Animation: Fake Image Generation
Fake image evolution of DCGAN models
The animation shows how the landscapes start to take shape as the models discover important edges. We can observe that DCGAN learns landscape features slower the DCGAN128, although the end results of both models are still blurry to some degree.
The animation clearly shows how superior StyleGANv3 is compared to DCGAN in generating realistic outputs. This is expected, since StyleGANv3 was pre-trained on multiple GPUs for several days (average of 72.7s / 1000 images) on a much larger dataset (LHQ dataset).
Conclusion and Future Works
During this project, we reimplemented and extended the architecture of DCGAN to work with multiple image sizes.

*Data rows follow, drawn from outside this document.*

(* Let $\mathscr{A}=\{a,b\}$, let $S$ be the Fibonacci substitution $a\mapsto ab$, $b\mapsto a$, and let $\Xi$ be the associated Fibonacci subshift. For $k\in\mathbb{N}$ let $\eta^a_k=(S^k(a))^\infty$ and $\eta^b_k=(S^k(b))^\infty$ and let $\Xi^a_k=\mathrm{Orb}(\eta^a_k)$, $\Xi^b_k=\mathrm{Orb}(\eta^b_k)$. Then $\Xi$ is periodically approximable and both sequences $(\Xi^a_k)_k$ and $(\Xi^b_k)_k$ converge to $\Xi$ in the Hausdorff topology.
   Context: $S$ extends to finite words as a homomorphism for concatenation. The Fibonacci subshift is $\Xi=\{\xi\in\mathscr{A}^{\mathbb{Z}}:\text{every finite subword of }\xi\text{ is a subword of some }S^n(c),\ n\in\mathbb{N},\ c\in\mathscr{A}\}$. For a finite word $u$, $u^\infty$ is the two-sided periodic sequence repeating $u$. $\mathscr{A}^{\mathbb{Z}}$ has the product topology and shift $(T\xi)(j)=\xi(j-1)$, $\mathrm{Orb}(\eta)=\{T^n\eta:n\in\mathbb{Z}\}$. Subshifts (non-empty closed $T$-invariant subsets) carry the Hausdorff (Vietoris) topology (basis: $\{\Xi:\Xi\cap F=\emptyset,\Xi\cap O\neq\emptyset\ \forall O\in\mathcal{F}\}$, $F$ closed, $\mathcal{F}$ a finite family of open sets). Periodically approximable means being a limit of subshifts $\mathrm{Orb}(\eta)$ with $\eta$ periodic. *)

theory Defs
  imports "HOL-Analysis.Analysis" "HOL-Library.Sublist"
begin

datatype letter = La | Lb

type_synonym config = "int \<Rightarrow> letter"

fun fib_sub :: "letter \<Rightarrow> letter list" where
  "fib_sub La = [La, Lb]"
| "fib_sub Lb = [La]"

definition fib_word :: "letter list \<Rightarrow> letter list" where
  "fib_word w = concat (map fib_sub w)"

abbreviation fib_iter :: "nat \<Rightarrow> letter list \<Rightarrow> letter list" where
  "fib_iter n w \<equiv> (fib_word ^^ n) w"

definition subword_at :: "config \<Rightarrow> int \<Rightarrow> nat \<Rightarrow> letter list" where
  "subword_at \<xi> m n = map (\<lambda>i. \<xi> (m + int i)) [0..<n]"

definition Fib_subshift :: "config set" where
  "Fib_subshift = {\<xi>. \<forall>m n. \<exists>k c. sublist (subword_at \<xi> m n) (fib_iter k [c])}"

definition per_word :: "letter list \<Rightarrow> config" where
  "per_word u = (\<lambda>j. u ! nat (j mod int (length u)))"

definition shift :: "config \<Rightarrow> config" where
  "shift \<xi> = (\<lambda>j. \<xi> (j - 1))"

definition shift_pow :: "int \<Rightarrow> config \<Rightarrow> config" where
  "shift_pow n \<xi> = (\<lambda>j. \<xi> (j - n))"

definition Orb :: "config \<Rightarrow> config set" where
  "Orb \<eta> = range (\<lambda>n. shift_pow n \<eta>)"

definition periodic_config :: "config \<Rightarrow> bool" where
  "periodic_config \<eta> \<longleftrightarrow> (\<exists>p::int. p > 0 \<and> (\<forall>j. \<eta> (j + p) = \<eta> j))"

definition config_top :: "config topology" where
  "config_top = product_topology (\<lambda>_. discrete_topology UNIV) UNIV"

definition is_subshift :: "config set \<Rightarrow> bool" where
  "is_subshift X \<longleftrightarrow> X \<noteq> {} \<and> closedin config_top X \<and> shift ` X = X"

text \<open>Hausdorff (Vietoris) topology on the set of subshifts, generated by the basis sets.\<close>
definition vietoris_basis :: "config set set set" where
  "vietoris_basis = {{X. is_subshift X \<and> X \<inter> F = {} \<and> (\<forall>U\<in>Us. X \<inter> U \<noteq> {})} | F Us.
      closedin config_top F \<and> finite Us \<and> (\<forall>U\<in>Us. openin config_top U)}"

definition vietoris_top :: "config set topology" where
  "vietoris_top = topology_generated_by vietoris_basis"

definition periodically_approximable :: "config set \<Rightarrow> bool" where
  "periodically_approximable X \<longleftrightarrow>
     (\<exists>\<eta> :: nat \<Rightarrow> config. (\<forall>n. periodic_config (\<eta> n)) \<and>
        limitin vietoris_top (\<lambda>n. Orb (\<eta> n)) X sequentially)"

end

(*
  For u_k = S^k(a), every legal word occurs in u_k for large k,
  so some shift of the periodic point u_k^\<infinity> enters any given cylinder around a point of
  the subshift. Conversely every window of u_k^\<infinity> of length at most |u_k| is a factor
  of u_k u_k, which occurs in S^(k+3)(a) = S^k(ab) S^k(a) S^k(a) S^k(b); by compactness a closed
  set disjoint from the subshift only contains configurations with an illegal central window of
  one fixed radius, so it is eventually missed by the periodic orbits. Since
  S^(k+1)(b) = S^k(a), the b-sequence is a shift of the a-sequence.
*)

theory Submission
  imports Defs
begin

section \<open>Fibonacci words\<close>

lemma fib_sub_neq_Nil: "fib_sub c \<noteq> []"
  by (cases c) auto

lemma fib_word_append [simp]: "fib_word (xs @ ys) = fib_word xs @ fib_word ys"
  by (simp add: fib_word_def)

lemma fib_word_eq_Nil_iff [simp]: "fib_word w = [] \<longleftrightarrow> w = []"
  by (cases w) (auto simp: fib_word_def fib_sub_neq_Nil)

lemma fib_iter_append: "fib_iter k (xs @ ys) = fib_iter k xs @ fib_iter k ys"
  by (induction k) auto

lemma fib_iter_eq_Nil_iff [simp]: "fib_iter k w = [] \<longleftrightarrow> w = []"
  by (induction k) auto

lemma fib_iter_Suc: "fib_iter (Suc k) w = fib_iter k (fib_word w)"
  by (simp only: funpow_Suc_right comp_def)

lemma fib_iter_Suc_La: "fib_iter (Suc k) [La] = fib_iter k [La] @ fib_iter k [Lb]"
proof -
  have "fib_word [La] = [La] @ [Lb]"
    by (simp add: fib_word_def)
  then show ?thesis
    by (simp only: fib_iter_Suc fib_iter_append)
qed

lemma fib_iter_Suc_Lb: "fib_iter (Suc k) [Lb] = fib_iter k [La]"
proof -
  have "fib_word [Lb] = [La]"
    by (simp add: fib_word_def)
  then show ?thesis
    by (simp only: fib_iter_Suc)
qed

lemma length_fib_iter_La: "k < length (fib_iter k [La])"
proof (induction k)
  case (Suc k)
  have "0 < length (fib_iter k [Lb])"
    by simp
  with Suc show ?case
    unfolding fib_iter_Suc_La length_append by linarith
qed simp

lemma sublist_fib_iter_La_mono:
  assumes "k \<le> l" shows "sublist (fib_iter k [La]) (fib_iter l [La])"
  using assms
proof (induction rule: dec_induct)
  case (step l)
  have "sublist (fib_iter l [La]) (fib_iter (Suc l) [La])"
    unfolding fib_iter_Suc_La by simp
  with step show ?case
    by (meson sublist_order.order_trans)
qed simp

lemma sublist_double_fib_iter_La:
  "sublist (fib_iter k [La] @ fib_iter k [La]) (fib_iter (k + 3) [La])"
proof -
  have "fib_iter 3 [La] = [La, Lb] @ ([La] @ [La]) @ [Lb]"
    by (simp add: numeral_3_eq_3 fib_word_def)
  then have "fib_iter (k + 3) [La]
      = fib_iter k [La, Lb] @ (fib_iter k [La] @ fib_iter k [La]) @ fib_iter k [Lb]"
    by (simp only: funpow_add comp_def fib_iter_append)
  then show ?thesis by (metis sublist_appendI)
qed

definition fib_legal :: "letter list \<Rightarrow> bool" where
  "fib_legal w \<longleftrightarrow> (\<exists>k c. sublist w (fib_iter k [c]))"

lemma fib_legal_sublist: "sublist v w \<Longrightarrow> fib_legal w \<Longrightarrow> fib_legal v"
  unfolding fib_legal_def by (meson sublist_order.order_trans)

lemma eventually_sublist_fib_iter_La:
  assumes "fib_legal w"
  shows "\<forall>\<^sub>F k in sequentially. sublist w (fib_iter k [La])"
proof -
  obtain m c where "sublist w (fib_iter m [c])"
    using assms by (auto simp: fib_legal_def)
  moreover have "sublist (fib_iter m [c]) (fib_iter (Suc m) [La])"
    unfolding fib_iter_Suc_La by (cases c) auto
  ultimately have "sublist w (fib_iter k [La])" if "Suc m \<le> k" for k
    using sublist_fib_iter_La_mono[OF that] by (meson sublist_order.order_trans)
  then show ?thesis
    unfolding eventually_sequentially by blast
qed

lemma eventually_length_fib_iter_La: "\<forall>\<^sub>F k in sequentially. n \<le> length (fib_iter k [La])"
proof (rule eventually_sequentiallyI)
  fix k assume "n \<le> k"
  with length_fib_iter_La[of k] show "n \<le> length (fib_iter k [La])"
    by linarith
qed

lemma fib_legal_double_fib_iter_La: "fib_legal (fib_iter k [La] @ fib_iter k [La])"
  unfolding fib_legal_def using sublist_double_fib_iter_La by blast

lemma subword_at_add:
  "subword_at \<xi> m (a + b) = subword_at \<xi> m a @ subword_at \<xi> (m + int a) b"
  by (rule nth_equalityI) (auto simp: subword_at_def nth_append algebra_simps)

lemma sublist_subword_at:
  assumes "m \<le> m'" "m' + int n' \<le> m + int n"
  shows "sublist (subword_at \<xi> m' n') (subword_at \<xi> m n)"
proof -
  define a b where "a = nat (m' - m)" and "b = n - a - n'"
  have "m' = m + int a" "n = a + (n' + b)"
    using assms by (auto simp: a_def b_def)
  then have "subword_at \<xi> m n
      = subword_at \<xi> m a @ subword_at \<xi> m' n' @ subword_at \<xi> (m' + int n') b"
    by (simp only: subword_at_add)
  then show ?thesis
    by (metis sublist_appendI)
qed

lemma subword_at_shift_pow: "subword_at (shift_pow k \<eta>) m n = subword_at \<eta> (m - k) n"
  by (simp add: subword_at_def shift_pow_def algebra_simps)

definition central_window :: "nat \<Rightarrow> config \<Rightarrow> letter list" where
  "central_window N \<xi> = subword_at \<xi> (- int N) (2 * N + 1)"

lemma sublist_central_window:
  assumes "- int N \<le> m" "m + int n \<le> int N + 1"
  shows "sublist (subword_at \<xi> m n) (central_window N \<xi>)"
  unfolding central_window_def using assms by (intro sublist_subword_at) auto

lemma length_central_window [simp]: "length (central_window N \<xi>) = 2 * N + 1"
  by (simp add: central_window_def subword_at_def)

lemma central_window_mono:
  assumes "N \<le> M" shows "sublist (central_window N \<xi>) (central_window M \<xi>)"
  using assms unfolding central_window_def[of N] by (intro sublist_central_window) auto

We observed that in order to train larger images, a deeper DCGAN network is required, and that the deeper the network is, the better it is a generating realistic outputs.

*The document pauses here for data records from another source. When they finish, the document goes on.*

(* For every nonnegative integer $n$, the bistatistic $(\operatorname{asc}, \operatorname{rlm})$ has the same distribution over $\mathcal{A}_n(021)$ as over $S_n(132)$; that is, for all nonnegative integers $a, r$, $$\#\{x \in \mathcal{A}_n(021) : \operatorname{asc}(x) = a,\ \operatorname{rlm}(x) = r\} = \#\{\pi \in S_n(132) : \operatorname{asc}(\pi) = a,\ \operatorname{rlm}(\pi) = r\}.$$
   Context: For a sequence $x = x_1 x_2 \ldots x_n$ of nonnegative integers, an index $i$ with $1 \le i < n$ is an ascent if $x_i < x_{i+1}$, and $\operatorname{asc}(x)$ denotes the number of ascents of $x$. A right-to-left minimum of $x$ is an index $i$ such that $x_i < x_j$ for all $j > i$; $\operatorname{rlm}(x)$ denotes the number of right-to-left minima. Both statistics are applied to permutations viewed as sequences $\pi_1 \pi_2 \ldots \pi_n$. An ascent sequence of length $n$ is a sequence $x_1 \ldots x_n$ of nonnegative integers with $x_1 = 0$ (when $n \ge 1$) and $x_i \le \operatorname{asc}(x_1 \ldots x_{i-1}) + 1$ for all $1 < i \le n$. The empty sequence is the unique ascent sequence of length $0$. A sequence contains the pattern $021$ if it has entries $x_{i_1}, x_{i_2}, x_{i_3}$ with $i_1 < i_2 < i_3$ and $x_{i_1} < x_{i_3} < x_{i_2}$; otherwise it avoids $021$. $\mathcal{A}_n(021)$ is the set of ascent sequences of length $n$ that avoid $021$. $S_n$ is the set of permutations of $\{1, \ldots, n\}$. A permutation $\pi$ contains $132$ if there are indices $i < j < k$ with $\pi_i < \pi_k < \pi_j$; $S_n(132)$ is the set of permutations in $S_n$ avoiding $132$. *)

theory Defs
  imports Main
begin

text \<open>Sequences are lists of naturals; list index i (0-based) corresponds to position i+1.\<close>

definition asc :: "nat list \<Rightarrow> nat" where
  "asc x = card {i. Suc i < length x \<and> x ! i < x ! Suc i}"

definition rlm :: "nat list \<Rightarrow> nat" where
  "rlm x = card {i. i < length x \<and> (\<forall>j. i < j \<and> j < length x \<longrightarrow> x ! i < x ! j)}"

definition is_ascent_seq :: "nat list \<Rightarrow> bool" where
  "is_ascent_seq x \<longleftrightarrow>
     (x \<noteq> [] \<longrightarrow> x ! 0 = 0) \<and>
     (\<forall>i. 0 < i \<and> i < length x \<longrightarrow> x ! i \<le> asc (take i x) + 1)"

definition contains_021 :: "nat list \<Rightarrow> bool" where
  "contains_021 x \<longleftrightarrow> (\<exists>i j k. i < j \<and> j < k \<and> k < length x \<and>
      x ! i < x ! k \<and> x ! k < x ! j)"

definition ascent_seqs_avoid_021 :: "nat \<Rightarrow> nat list set" where
  "ascent_seqs_avoid_021 n = {x. length x = n \<and> is_ascent_seq x \<and> \<not> contains_021 x}"

definition perms :: "nat \<Rightarrow> nat list set" where
  "perms n = {p. length p = n \<and> distinct p \<and> set p = {1..n}}"

definition contains_132 :: "nat list \<Rightarrow> bool" where
  "contains_132 p \<longleftrightarrow> (\<exists>i j k. i < j \<and> j < k \<and> k < length p \<and>
      p ! i < p ! k \<and> p ! k < p ! j)"

definition perms_avoid_132 :: "nat \<Rightarrow> nat list set" where
  "perms_avoid_132 n = {p \<in> perms n. \<not> contains_132 p}"

end

theory Submission
  imports Defs
begin

text \<open>
  Both families are in bijection with binary trees so that size, ascents and right-to-left minima
  correspond. A 132-avoiding permutation of length n+1 splits around its last entry l as
  (Q raised by l) P l, where P is a 132-avoiding permutation of 1..l-1 and Q one of 1..n+1-l;
  its ascents are those of Q and P plus one if P is nonempty, and its right-to-left minima are
  those of P plus one. A 021-avoiding ascent sequence is exactly one that starts with 0 and grows
  by 0 or by a value between its current maximum and its number of ascents plus one. Cutting it
  into maximal runs "v...v 0...0" gives a segment list, and segment lists admit a decomposition
  with the same recursive behaviour of the statistics: split at the last zero that is directly
  followed by a value of maximal size, and transform the unsplittable remainder bijectively into
  an arbitrary shorter sequence.
\<close>

lemma card_Collect_bij_betw:
  assumes "bij_betw f A B"
  shows "card {x \<in> A. P (f x)} = card {y \<in> B. P y}"
proof -
  have "bij_betw f {x \<in> A. P (f x)} {y \<in> B. P y}"
    using assms unfolding bij_betw_def inj_on_def by auto
  then show ?thesis by (rule bij_betw_same_card)
qed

We also see that the DCGAN-generated outputs are still not very realistic compared to the outputs from the pre-trained StyleGANv3. Our time constraints meant we were only able to train our DCGANs for a small number of epochs. We were also unable to train our model on 256 x 256 images due to computational limitations. Additionally, we note that our dataset is fairly small, and may not be sufficient for generating images that can transition smoothly between different landscapes like the output of StyleGANv3 (which was trained on a much larger dataset - LHQ). Therefore, if we were to continue our project, with more GPUs and time, we would train our DCGAN models on the full LHQ dataset for a fairly large number of epochs (50000 to 80000) to see how realistic our output can become.
References
[1] Alec Radford, Luke Metz, Soumith Chintala. Unsupervised Representation Learning with Deep Convolutional Generative Adversarial Networks. ICLR (Poster) 2016.
[2] Ali Razavi, Aäron van den Oord, and Oriol Vinyals. 2019. Generating diverse high-fidelity images with VQ-VAE-2. Proceedings of the 33rd International Conference on Neural Information Processing Systems. Curran Associates Inc., Red Hook, NY, USA, Article 1331, 14866–14876.
[3] Mahesh Gorijala and Ambedkar Dukkipati. “Image Generation and Editing with Variational Info Generative AdversarialNetworks.” ArXiv abs/1701.04568 (2017).
[4] T. Karras, S. Laine and T. Aila, “A Style-Based Generator Architecture for Generative Adversarial Networks” in IEEE Transactions on Pattern Analysis & Machine Intelligence, vol. 43, no. 12, pp. 4217-4228, 2021. doi: 10.1109/TPAMI.2020.2970919.